First Author  Köhler C Year  2010
Journal  Brain Res Volume  1347
Pages  111-24 PubMed ID  20513372
Mgi Jnum  J:163351 Mgi Id  MGI:4821709
Doi  10.1016/j.brainres.2010.05.076 Citation  Kohler C, et al. (2010) Analysis of the cholinergic pathology in the P301L tau transgenic pR5 model of tauopathy. Brain Res 1347:111-24
abstractText  Cholinergic deafferentation of telencephalon is a major factor contributing to cognitive impairment in Alzheimer's disease. There is evidence that the degeneration of cholinergic fibers which innervate the cortex and hippocampus is due to the development of neurofibrillary tangles in the perikarya of origin. Neurofibrillary tangle formation has been modeled in the transgenic pR5 mouse strain that overexpresses the longest human tau isoform together with the P301L mutation that has been previously identified in familial cases of frontotemporal dementia and parkinsonism linked to chromosome 17 (FTDP-17).
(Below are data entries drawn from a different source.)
lemma E0_eq: "E0 v s = P (X s) ^ 3 / Q (X s)"
  unfolding E0_def X_def[symmetric] Let_def deriv2_U0 by (simp add: deriv_U0)

lemma E0_pos: "0 < E0 v s"
  unfolding E0_eq using P_pos Q_pos by simp

lemma A_pos: "0 < A s"
  unfolding A_def using E0_pos by simp

lemma A_eq: assumes s: "0 < s" shows "A s = s ^ 2 * (Q (X s) / P (X s))"
  unfolding A_def E0_eq P_X[OF s] using s by (simp add: field_simps power3_eq_cube power2_eq_square)

lemma A_le: assumes s: "0 < s" shows "A s \<le> K * s ^ 2"
proof -
  have "Q (X s) / P (X s) \<le> K" using Q_le_K_P P_pos by (simp add: divide_le_eq)
  then have "s ^ 2 * (Q (X s) / P (X s)) \<le> s ^ 2 * K" by (rule mult_left_mono) simp
  then show ?thesis unfolding A_eq[OF s] by (simp add: mult.commute)
qed

lemma X_nonneg: assumes s: "1 / m \<le> s" shows "0 \<le> X s"
proof (rule ccontr)
  have s0: "0 < s" using pos_if_inverse_m_le[OF s] .
  assume "\<not> 0 \<le> X s"
  then have "P 0 < P (X s)" using P_strict_decreasing by simp
  then have "m < 1 / s" using P_X[OF s0] P_0 by simp
  then show False using s s0 m_pos by (simp add: field_simps)
qed

text \<open>\<open>(1/P)' = Q/P\<^sup>2 \<ge> 1/P \<ge> 1/m\<close> on \<open>[0, \<infinity>)\<close>.\<close>
lemma inverse_P_increment_ge:
  assumes x1: "0 \<le> x1" and x12: "x1 \<le> x2"
  shows "(x2 - x1) / m \<le> 1 / P x2 - 1 / P x1"
proof -
  let ?g = "\<lambda>x. 1 / P x - x / m"
  have "?g x1 \<le> ?g x2"
  proof (rule DERIV_nonneg_imp_nondecreasing[OF x12])
    fix x assume x: "x1 \<le> x" "x \<le> x2"
    have d: "(?g has_real_derivative (Q x / (P x)^2 - 1 / m)) (at x)"
      using P_pos[of x] m_pos
      by (auto intro!: derivative_eq_intros P_has_derivative simp: power2_eq_square)
    have "P x \<le> P 0"
      using P_strict_decreasing[of 0 x] x x1 by (cases "x = 0") auto
    then have "1 / m \<le> 1 / P x" using P_pos[of x] P_0 by (intro divide_left_mono) auto
    also have "1 / P x \<le> Q x / (P x)^2"
      using P_le_Q[of x] P_pos[of x] by (simp add: field_simps power2_eq_square)
    finally show "\<exists>y. (?g has_real_derivative y) (at x) \<and> 0 \<le> y" using d by auto
  qed
  then show ?thesis by (simp add: diff_divide_distrib)
qed

lemma X_lipschitz:
  assumes "1 / m \<le> s1" "1 / m \<le> s2" shows "\<bar>X s1 - X s2\<bar> \<le> m * \<bar>s1 - s2\<bar>"
proof -
  have X_diff: "X b - X a \<le> m * \<bar>b - a\<bar>" if "X a \<le> X b" "1 / m \<le> a" "1 / m \<le> b" for a b
  proof -
    have "0 < a" "0 < b" using that pos_if_inverse_m_le by auto
    then have "(X b - X a) / m \<le> b - a"
      using inverse_P_increment_ge[OF X_nonneg[OF that(2)] that(1)] by (simp add: P_X)
    then have "X b - X a \<le> m * (b - a)" using m_pos by (simp add: field_simps)
    also have "\<dots> \<le> m * \<bar>b - a\<bar>" using m_pos by (intro mult_left_mono) auto
    finally show ?thesis .
  qed
  show ?thesis
    using X_diff[of s1 s2] X_diff[of s2 s1] assms by (cases "X s1 \<le> X s2") (auto simp: abs_minus_commute)
qed

lemma Q_div_P_lipschitz: "\<bar>Q x1 / P x1 - Q x2 / P x2\<bar> \<le> K^2 * \<bar>x1 - x2\<bar>"
proof -
  define r' where "r' x = (Q x * Q x - R x * P x) / (P x)^2" for x
  have "((\<lambda>x. Q x / P x) has_real_derivative r' x) (at x within UNIV)" for x
    using DERIV_divide[OF Q_has_derivative P_has_derivative] P_pos[of x]
    by (simp add: r'_def power2_eq_square algebra_simps)
  moreover have "\<bar>r' x\<bar> \<le> K^2" for x
  proof -
    have p: "0 < P x" by (rule P_pos)
    have QP: "Q x \<le> K * P x" by (rule Q_le_K_P)
    have "K * Q x \<le> K * (K * P x)" using QP K_ge_1 by (intro mult_left_mono) auto
    then have "R x \<le> K^2 * P x" using R_le_K_Q[of x] by (simp add: power2_eq_square)
    then have "R x * P x \<le> K^2 * (P x)^2" using p by (simp add: power2_eq_square mult_right_mono)
    moreover have "Q x * Q x \<le> K^2 * (P x)^2"
      using mult_mono[OF QP QP] Q_pos[of x] K_ge_1 p by (simp add: power2_eq_square algebra_simps)
    moreover have "0 \<le> R x * P x" using R_nonneg p by simp
    moreover have "0 \<le> Q x * Q x" by simp
    ultimately have "\<bar>Q x * Q x - R x * P x\<bar> \<le> K^2 * (P x)^2" by linarith
    then show ?thesis using p by (simp add: r'_def abs_div divide_le_eq)
  qed
  ultimately show ?thesis
    using field_differentiable_bound[of UNIV "\<lambda>x. Q x / P x" r' "K^2" x1 x2] by simp
qed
To test the suitability of the pR5 model as a model of Alzheimer's disease concerning the cholinergic innervation of the telencephalon, we determined the expression of the human tau transgene and the presence of neurofibrillary changes in the basal nucleus of Meynert, the septal nuclei and the diagonal band of Broca, sources of cholinergic innervation of the cerebral cortex and hippocampus. We found that the cholinergic neurons of these nuclei, despite widespread expression of the human tau transgene, neither expressed human tau nor displayed immunoreactivity with antibodies AT8 and AT180 which recognize hyperphosphorylated tau. Immunoreactivity for choline-acetyl transferase did not reveal significant differences between pR5 mice and non-transgenic littermates in the basal forebrain, cortex and hippocampus. However, in the amygdala dystrophic cholinergic neurites were observed which were not present in non-transgenic mice. Our data show that although pR5 mice develop neurofibrillary lesions, they do not model the degeneration of basal forebrain cholinergic neurons observed in Alzheimer's disease.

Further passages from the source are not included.